How To Set Up A Business In The UK

A lot of people nowadays think they'd like to set up their own business. Thanks to Gordon Gecko, Donald Trump and Alan Sugar, business is no longer boring. Every office minion dreams of being the boss.

We picture ourselves making deals, giving orders, driving a convertible and eating 4-star food with a 5-star wife, in a mansion by the sea.

And why not?

To get these things we have to have money. And how do you get money? By theft or trade.

(Let's assume you don't want to end up in jail.)

How do you trade? You 'set up in business'.

Here's how to set up a business in the UK.

The UK is quite friendly to capitalism, at least in a business's early stages. You can start a sole trader.

UK residents: All you need to is tell HMRC (Her Majesty's Revenue Commissioners) that you're now self-employed. You then submit annual returns after you have traded for 1 year. It's better to hire an accountant to do this, unless you understand accounting terms.
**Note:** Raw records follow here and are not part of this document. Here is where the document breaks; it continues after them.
(* Let $K\subset\mathbb{R}$ be a real quadratic field with nontrivial automorphism $x\mapsto x'$, let $L\subset K$ be a pseudolattice, and for $t\in\mathbb{R}$ let $\Lambda_t(L)=\{le^{t/2}+il'e^{-t/2}: l\in L\}\subset\mathbb{C}$. Equip $\mathbb{C}$ with the pairing $(x\cdot y)=\mathrm{Im}(xy)=x_0y_1+x_1y_0$ for $x=x_0+ix_1$, $y=y_0+iy_1$, and set $\Lambda_t(L)^!=\{\mu\in\mathbb{C}:(\lambda\cdot\mu)\in\mathbb{Z}\ \text{for all }\lambda\in\Lambda_t(L)\}$. Let $M=L^?=\{m\in K:\mathrm{tr}_{K/\mathbb{Q}}(l'm)\in\mathbb{Z}\ \text{for all } l\in L\}$. Then $$\Lambda_t(L)^!=\Lambda_t(M)=\{me^{t/2}+im'e^{-t/2}: m\in M\}.$$
   Context: A pseudolattice $L\subset K$ is a subgroup of $K$ that is free abelian of rank 2 and spans $K$ over $\mathbb{Q}$. *)

theory Defs
  imports Complex_Main
begin

text \<open>The real quadratic field K = Q(sqrt d) inside the reals, for an integer d > 0
  that is not a perfect square (every real quadratic field has this form).\<close>
definition qfield :: "int \<Rightarrow> real set" where
  "qfield d = {of_rat a + of_rat b * sqrt (of_int d) | a b. True}"

definition qconj :: "int \<Rightarrow> real \<Rightarrow> real" where
  "qconj d x = (THE y. \<exists>a b. x = of_rat a + of_rat b * sqrt (of_int d)
                          \<and> y = of_rat a - of_rat b * sqrt (of_int d))"

definition qtrace :: "int \<Rightarrow> real \<Rightarrow> real" where
  "qtrace d x = x + qconj d x"

definition pseudolattice :: "int \<Rightarrow> real set \<Rightarrow> bool" where
  "pseudolattice d L \<longleftrightarrow> (\<exists>a b.
      L = {of_int m * a + of_int n * b | m n. True}
    \<and> (\<forall>m n :: int. of_int m * a + of_int n * b = 0 \<longrightarrow> m = 0 \<and> n = 0)
    \<and> {of_rat q * a + of_rat r * b | q r. True} = qfield d)"

definition Lambda :: "int \<Rightarrow> real \<Rightarrow> real set \<Rightarrow> complex set" where
  "Lambda d t L = {Complex (l * exp (t/2)) (qconj d l * exp (- t/2)) | l. l \<in> L}"

definition cpair :: "complex \<Rightarrow> complex \<Rightarrow> real" where
  "cpair x y = Im (x * y)"

definition cdual :: "complex set \<Rightarrow> complex set" where
  "cdual S = {y. \<forall>x\<in>S. cpair x y \<in> \<int>}"

definition tdual :: "int \<Rightarrow> real set \<Rightarrow> real set" where
  "tdual d L = {m \<in> qfield d. \<forall>l\<in>L. qtrace d (qconj d l * m) \<in> \<int>}"

end

theory Submission
  imports Defs
begin

text \<open>The map \<open>l \<mapsto> l e^(t/2) + i l' e^(-t/2)\<close> turns the pairing into the trace form:
  the images of \<open>l\<close> and \<open>m\<close> pair to \<open>l m' + l' m = tr(l' m)\<close>. Hence an image of
  \<open>m \<in> K\<close> lies in \<open>\<Lambda>_t(L)^!\<close> exactly when \<open>m \<in> L^?\<close>, and it remains to show that
  \<open>\<Lambda>_t(L)^!\<close> consists of images of elements of \<open>K\<close>. Pairing \<open>\<mu>\<close> with the images of a
  \<open>\<int>\<close>-basis \<open>a, b\<close> of \<open>L\<close> gives a linear system \<open>a u + a' v = p, b u + b' v = q\<close> with
  integer \<open>p, q\<close> in the rescaled coordinates \<open>u, v\<close> of \<open>\<mu>\<close>. Its determinant
  \<open>a b' - a' b\<close> is nonzero because \<open>a, b\<close> are \<open>\<rat>\<close>-independent, and Cramer's rule
  exhibits \<open>v\<close> as an element of \<open>K\<close> with \<open>v' = u\<close>.\<close>

definition qembed :: "int \<Rightarrow> real \<Rightarrow> real \<Rightarrow> complex" where
  "qembed d t l = Complex (l * exp (t/2)) (qconj d l * exp (- t/2))"

lemma Lambda_eq_image: "Lambda d t L = qembed d t ` L"
  by (auto simp: Lambda_def qembed_def)

lemma cpair_qembed_left:
  "cpair (qembed d t l) y = l * (exp (t/2) * Im y) + qconj d l * (exp (- t/2) * Re y)"
  by (simp add: cpair_def qembed_def algebra_simps)

locale real_quadratic_field =
  fixes d :: int
  assumes d_pos: "d > 0" and sqrt_irrational: "sqrt (of_int d) \<notin> \<rat>"
begin

abbreviation sqd :: real where "sqd \<equiv> sqrt (of_int d)"

lemma sqd_square: "sqd * sqd = of_int d"
  using d_pos by simp

lemma qcoords_eq_iff:
  "of_rat a + of_rat b * sqd = of_rat c + of_rat e * sqd \<longleftrightarrow> a = c \<and> b = e"
proof
  assume eq: "of_rat a + of_rat b * sqd = of_rat c + of_rat e * sqd"
  have "b = e"
  proof (rule ccontr)
    assume "b \<noteq> e"
    with eq have "sqd = of_rat ((c - a) / (b - e))"
      by (simp add: of_rat_diff of_rat_divide field_simps)
    with sqrt_irrational show False by (metis Rats_of_rat)
  qed
  with eq show "a = c \<and> b = e" by simp
qed simp

lemma qfieldE:
  assumes "x \<in> qfield d"
  obtains a b where "x = of_rat a + of_rat b * sqd"
  using assms unfolding qfield_def by blast

lemma qfieldI: "of_rat a + of_rat b * sqd \<in> qfield d"
  unfolding qfield_def by blast

lemma qconj_eq: "qconj d (of_rat a + of_rat b * sqd) = of_rat a - of_rat b * sqd"
  unfolding qconj_def by (rule the_equality) (auto simp: qcoords_eq_iff)

lemma qfield_Rats: "x \<in> \<rat> \<Longrightarrow> x \<in> qfield d"
  using qfieldI[of _ 0] by (auto elim: Rats_cases)

lemma qconj_Rats: "x \<in> \<rat> \<Longrightarrow> qconj d x = x"
  using qconj_eq[of _ 0] by (auto elim: Rats_cases)

lemma qfield_qconj: "x \<in> qfield d \<Longrightarrow> qconj d x \<in> qfield d"
  using qfieldI[of _ "- _"] by (auto elim!: qfieldE simp: qconj_eq of_rat_minus)

lemma qconj_qconj: "x \<in> qfield d \<Longrightarrow> qconj d (qconj d x) = x"
  using qconj_eq[of _ "- _"] by (auto elim!: qfieldE simp: qconj_eq of_rat_minus)

lemma qfield_add: "x \<in> qfield d \<Longrightarrow> y \<in> qfield d \<Longrightarrow> x + y \<in> qfield d"
  using qfieldI[of "_ + _" "_ + _"] by (auto elim!: qfieldE simp: of_rat_add algebra_simps)

lemma qconj_add: "x \<in> qfield d \<Longrightarrow> y \<in> qfield d \<Longrightarrow> qconj d (x + y) = qconj d x + qconj d y"
  using qconj_eq[of "_ + _" "_ + _"]
  by (auto elim!: qfieldE simp: qconj_eq of_rat_add algebra_simps)

lemma qfield_uminus: "x \<in> qfield d \<Longrightarrow> - x \<in> qfield d"
  using qfieldI[of "- _" "- _"] by (auto elim!: qfieldE simp: of_rat_minus)

lemma qconj_uminus: "x \<in> qfield d \<Longrightarrow> qconj d (- x) = - qconj d x"
  using qconj_eq[of "- _" "- _"] by (auto elim!: qfieldE simp: qconj_eq of_rat_minus)

lemma qfield_diff: "x \<in> qfield d \<Longrightarrow> y \<in> qfield d \<Longrightarrow> x - y \<in> qfield d"
  using qfield_add[of x "- y"] qfield_uminus[of y] by simp

lemma qconj_diff: "x \<in> qfield d \<Longrightarrow> y \<in> qfield d \<Longrightarrow> qconj d (x - y) = qconj d x - qconj d y"
  using qconj_add[of x "- y"] qfield_uminus[of y] qconj_uminus[of y] by simp

lemma qcoords_mult:
  "(of_rat a + of_rat b * sqd) * (of_rat c + of_rat e * sqd)
     = of_rat (a * c + b * e * of_int d) + of_rat (a * e + b * c) * sqd"
  "(of_rat a - of_rat b * sqd) * (of_rat c - of_rat e * sqd)
     = of_rat (a * c + b * e * of_int d) - of_rat (a * e + b * c) * sqd"
proof -
  have "(x + y * s) * (z + w * s) = (x * z + y * w * (s * s)) + (x * w + y * z) * s"
    "(x - y * s) * (z - w * s) = (x * z + y * w * (s * s)) - (x * w + y * z) * s"
    for x y z w s :: real
    by algebra+
  then show "(of_rat a + of_rat b * sqd) * (of_rat c + of_rat e * sqd)
     = of_rat (a * c + b * e * of_int d) + of_rat (a * e + b * c) * sqd"
   and "(of_rat a - of_rat b * sqd) * (of_rat c - of_rat e * sqd)
     = of_rat (a * c + b * e * of_int d) - of_rat (a * e + b * c) * sqd"
    by (simp_all only: sqd_square of_rat_add of_rat_mult of_rat_of_int_eq)
qed

lemma qfield_mult: "x \<in> qfield d \<Longrightarrow> y \<in> qfield d \<Longrightarrow> x * y \<in> qfield d"
  by (auto elim!: qfieldE simp: qcoords_mult qfieldI)

lemma qconj_mult: "x \<in> qfield d \<Longrightarrow> y \<in> qfield d \<Longrightarrow> qconj d (x * y) = qconj d x * qconj d y"
  by (auto elim!: qfieldE simp: qcoords_mult qconj_eq)

lemma qconj_eq_self_imp_Rats: "x \<in> qfield d \<Longrightarrow> qconj d x = x \<Longrightarrow> x \<in> \<rat>"
  using sqrt_irrational by (auto elim!: qfieldE simp: qconj_eq)

lemma qconj_eq_0_iff: "x \<in> qfield d \<Longrightarrow> qconj d x = 0 \<longleftrightarrow> x = 0"
  by (metis qconj_Rats qconj_qconj Rats_0)

lemma qfield_inverse_qconj:
  assumes x: "x \<in> qfield d"
  shows "inverse x = qconj d x / (x * qconj d x)" and "x * qconj d x \<in> \<rat>"
proof -
  show "inverse x = qconj d x / (x * qconj d x)"
    using qconj_eq_0_iff[OF x] by (cases "x = 0") (simp_all add: field_simps)
  show "x * qconj d x \<in> \<rat>"
    using x by (intro qconj_eq_self_imp_Rats)
      (simp_all add: qfield_mult qfield_qconj qconj_mult qconj_qconj mult.commute)
qed

lemma qfield_inverse:
  assumes "x \<in> qfield d"
  shows "inverse x \<in> qfield d"
proof -
  have "inverse (x * qconj d x) \<in> qfield d"
    using qfield_inverse_qconj(2)[OF assms] Rats_inverse qfield_Rats by blast
  with assms show ?thesis
    unfolding qfield_inverse_qconj(1)[OF assms] divide_inverse
    by (simp add: qfield_mult qfield_qconj)
qed

lemma qconj_inverse:
  assumes x: "x \<in> qfield d"
  shows "qconj d (inverse x) = inverse (qconj d x)"
proof (cases "x = 0")
  case False
  have "qconj d x * qconj d (inverse x) = qconj d (x * inverse x)"
    using x by (simp add: qconj_mult qfield_inverse)
  also have "\<dots> = 1"
    using False by (simp add: qconj_Rats)
  finally show ?thesis
    using False x qconj_eq_0_iff by (simp add: field_simps)
qed (simp add: qconj_Rats)

lemma qfield_divide: "x \<in> qfield d \<Longrightarrow> y \<in> qfield d \<Longrightarrow> x / y \<in> qfield d"
  by (simp add: divide_inverse qfield_mult qfield_inverse)

lemma qconj_divide: "x \<in> qfield d \<Longrightarrow> y \<in> qfield d \<Longrightarrow> qconj d (x / y) = qconj d x / qconj d y"
  by (simp add: divide_inverse qconj_mult qfield_inverse qconj_inverse)

lemmas qfield_closed = qfield_add qfield_diff qfield_mult qfield_divide qfield_qconj qfield_Rats
lemmas qconj_simps = qconj_add qconj_diff qconj_mult qconj_divide qconj_qconj qconj_Rats

lemma cpair_qembed:
  assumes "l \<in> qfield d" "m \<in> qfield d"
  shows "cpair (qembed d t l) (qembed d t m) = qtrace d (qconj d l * m)"
proof -
  have "exp (t/2) * exp (- t/2) = 1"
    by (simp add: exp_minus)
  then show ?thesis
    using assms unfolding cpair_qembed_left qtrace_def
    by (simp add: qembed_def qconj_simps qfield_closed algebra_simps)
qed

lemma qembed_in_cdual_iff:
  assumes "L \<subseteq> qfield d" "m \<in> qfield d"
  shows "qembed d t m \<in> cdual (Lambda d t L) \<longleftrightarrow> m \<in> tdual d L"
proof -
  have "cpair (qembed d t l) (qembed d t m) = qtrace d (qconj d l * m)" if "l \<in> L" for l
    using assms that by (blast intro: cpair_qembed)
  with assms(2) show ?thesis
    by (auto simp: cdual_def tdual_def Lambda_eq_image)
qed

lemma qconj_det_nonzero:
  assumes a: "a \<in> qfield d" and b: "b \<in> qfield d"
    and indep: "\<forall>m n :: int. of_int m * a + of_int n * b = 0 \<longrightarrow> m = 0 \<and> n = 0"
  shows "a * qconj d b - qconj d a * b \<noteq> 0"
proof
  assume det: "a * qconj d b - qconj d a * b = 0"
  have "a \<noteq> 0"
    using indep[rule_format, of 1 0] by auto
  moreover have "qconj d a \<noteq> 0"
    using \<open>a \<noteq> 0\<close> a qconj_eq_0_iff by blast
  ultimately have "qconj d (b / a) = b / a"
    using det a b by (simp add: qconj_divide field_simps)
  then have "b / a \<in> \<rat>"
    using a b by (simp add: qconj_eq_self_imp_Rats qfield_divide)
  then obtain i j :: int where "j > 0" "b / a = of_int i / of_int j"
    by (metis Rats_cases')
  then have "of_int (- i) * a + of_int j * b = 0"
    using \<open>a \<noteq> 0\<close> by (simp add: field_simps)
  with indep \<open>j > 0\<close> show False by blast
qed

lemma qconj_system_solution:
  assumes a: "a \<in> qfield d" and b: "b \<in> qfield d"
    and det: "a * qconj d b - qconj d a * b \<noteq> 0"
    and p_rat: "a * u + qconj d a * v \<in> \<rat>" and q_rat: "b * u + qconj d b * v \<in> \<rat>"
  shows "v \<in> qfield d" and "qconj d v = u"
proof -
  define p where "p = a * u + qconj d a * v"
  define q where "q = b * u + qconj d b * v"
  have v: "v = (a * q - b * p) / (a * qconj d b - qconj d a * b)"
    using det by (simp add: p_def q_def field_simps)
  have "p \<in> qfield d" "q \<in> qfield d" "qconj d p = p" "qconj d q = q"
    using p_rat q_rat by (simp_all add: p_def q_def qfield_Rats qconj_Rats)
  then show "v \<in> qfield d" and "qconj d v = u"
    using a b det qconj_eq_0_iff[of "a * qconj d b - qconj d a * b"] unfolding v
    by (simp_all add: qfield_closed qconj_simps) (simp_all add: p_def q_def field_simps)
qed

lemma cdual_Lambda_subset_qembed:
  assumes "a \<in> L" "b \<in> L" "L \<subseteq> qfield d"
    and det: "a * qconj d b - qconj d a * b \<noteq> 0"
  shows "cdual (Lambda d t L) \<subseteq> qembed d t ` qfield d"
proof
  fix y assume y: "y \<in> cdual (Lambda d t L)"
  define u where "u = exp (t/2) * Im y"
  define v where "v = exp (- t/2) * Re y"
  have "l * u + qconj d l * v \<in> \<rat>" if "l \<in> L" for l
    using y that cpair_qembed_left[of d t l y] Ints_subset_Rats
    by (auto simp: cdual_def Lambda_eq_image u_def v_def)
  then have "v \<in> qfield d" "qconj d v = u"
    using qconj_system_solution[of a b u v] assms by auto
  moreover have "y = qembed d t v"
    using \<open>qconj d v = u\<close>
    by (simp add: qembed_def complex_eq_iff u_def v_def mult.assoc flip: exp_add)
  ultimately show "y \<in> qembed d t ` qfield d" by blast
qed

lemma pseudolattice_qfield_basisE:
  assumes "pseudolattice d L"
  obtains a b where "a \<in> L" "b \<in> L" "L \<subseteq> qfield d" "a * qconj d b - qconj d a * b \<noteq> 0"
proof -
  obtain a b where L: "L = {of_int m * a + of_int n * b | m n. True}"
    and indep: "\<forall>m n :: int. of_int m * a + of_int n * b = 0 \<longrightarrow> m = 0 \<and> n = 0"
    and span: "{of_rat q * a + of_rat r * b | q r. True} = qfield d"
    using assms unfolding pseudolattice_def by blast
  have "a \<in> qfield d" "b \<in> qfield d"
    using span[THEN equalityD1] by (force intro: exI[of _ 0] exI[of _ 1])+
  moreover have "a \<in> L" "b \<in> L"
    unfolding L by (force intro: exI[of _ 0] exI[of _ 1])+
  moreover have "L \<subseteq> qfield d"
    using \<open>a \<in> qfield d\<close> \<open>b \<in> qfield d\<close> unfolding L
    by (auto simp: qfield_add qfield_mult qfield_Rats)
  ultimately show ?thesis
    using that qconj_det_nonzero indep by blast
qed

end

theorem lemma4p8p1:
  fixes d :: int and L :: "real set" and t :: real
  assumes "d > 0" and "sqrt (of_int d) \<notin> \<rat>"
    and "pseudolattice d L"
  shows "cdual (Lambda d t L) = Lambda d t (tdual d L)"
proof -
  interpret real_quadratic_field d
    using assms(1,2) by unfold_locales
  obtain a b where "a \<in> L" "b \<in> L" and LK: "L \<subseteq> qfield d"
    and "a * qconj d b - qconj d a * b \<noteq> 0"
    using assms(3) by (rule pseudolattice_qfield_basisE)
  then have "cdual (Lambda d t L) \<subseteq> qembed d t ` qfield d"
    by (rule cdual_Lambda_subset_qembed)
  moreover have "tdual d L \<subseteq> qfield d"
    by (auto simp: tdual_def)
  ultimately show ?thesis
    using qembed_in_cdual_iff[OF LK] unfolding Lambda_eq_image[of d t "tdual d L"] by blast
qed

end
A sole trader can trade as Johnny Fortescue or Johnny Fortescue t/a Smiling Pineapple. The t/a means Trading As. You can get a bank account as 'Johnny Fortescue t/a Smiling Pineapple'. Then Mr. Fortescue can accept cheques paid to Smiling Pineapple.

After being in business a while, he may decide to form a company. This is usually done for tax reasons or because there are more people who want a share of the business. Foreign residents can set up a UK company.

- Read more about going from a sole trader to a limited company

- Read more about forming a limited company

- Read more about what documents you need to form a UK Limited Company

- Read more about what a UK Limited Company is

- Read more about what documents you get with a UK Limited Company

You can register a UK limited company at any address in the UK. It cannot be at a foreign address. This address is public information and will end up on websites.

For these reasons people use an accommodation address like ours and get their mail redirected.

- Read more about mail redirection

- Read more about how to change a UK company's Registered Office

- Read more about how to choose a mail forwarding address

When you've got a company set up, the next thing you'll need is a bank account. You shouldn't use your personal bank account for your company's finances. It will look strange and will lead to accounting problems.

- Read more about how to get a UK bank account

The next thing you'll need is a UK telephone number. Thanks to the break up of utility monopolies, telecoms are now quite cheap here. You can buy a number and redirect it anywhere.

- Read more about what kind of phone number to get

When the business takes off you may get tired of working from home or need to take on some staff. You can communicate via the internet but 'face-time' can be very important. A halfway-house is renting desk space for a day or two a week.

- Read more about hot desking

When your Limited Company has been running for a year, you will need to submit returns to HMRC and Companies House.

- Read more about submitting annual returns

- Read more about annual returns deadlines

If your income goes above a certain threshold, you will need to register for VAT. This is the UK's version of a sales tax.

- Read more about registering for VAT

Businesses in the 21st century are reliant on the internet. Office and media software is very expensive, especially when you have to buy licences for a group of people. There are open-source and free alternatives available.

- Read more about free business software

In time, your business may fail and you need to close it down. This is not the end of the world. It happens all the time. The trick is to make it as painless as possible. Some people go down in flames and some make a smooth exit, stage-right.

- Read more about how to close down a business in the UK

A business which is in trouble will attract nasty phone calls and letters. This is normal. Debt collectors  go through a list of tricks to get you to pay up. That's fine. It's their job, and you do owe the money.

It can, however, be a very unpleasant experience. When there's simply no money to be had, you don't need the hassle. First-time businessmen can get very upset about receiving legal letters in the post.

Again, this is normal. Many people have gone through this before. Some even factor it into their business model!


- Read more about what to do if you are sued

Ok, that's about it for setting up a UK biz.

While the locals man about red tape, it's a lot easier to operate here than in, say, Spain. The government tends to leave you alone unless you're dumping cyanide into the canal. During the 80's making money became fashionable and that allure continues. Britain failed to support its manufacturing industries in the 70's, due to industrial strife,  so now relies on finance and services industries to generate the moolah.

This means that the small businessman is generally encouraged to succeed, so as to generate the lovely tax revenue to support a first-world welfare state.

Things do get pricey if you have a high-street premises. Then the local council will sting you for business rates and your landlord will charge stupid rents.

(This is why high streets have boarded-up shopfronts outside of boom eras. No one except bookies and loan-sharks can afford the silly rents.)

Be aware that there is still a class-system here and that while you might be making mega-bucks, you still won't be good enough for some people. Well, so what!

Britain has a 1500 year-old civilisation. It once ran the world, so you can expect the locals to have a 'been-there, done-that' attitude. You're not really 'in' until the fourth generation. There's us and there's them and only a Californian acid-head expects permission to marry your daughter on first meeting.

Otherwise, it's a 20% tax rate and a first-world infrastructure, with every opportunity to succeed!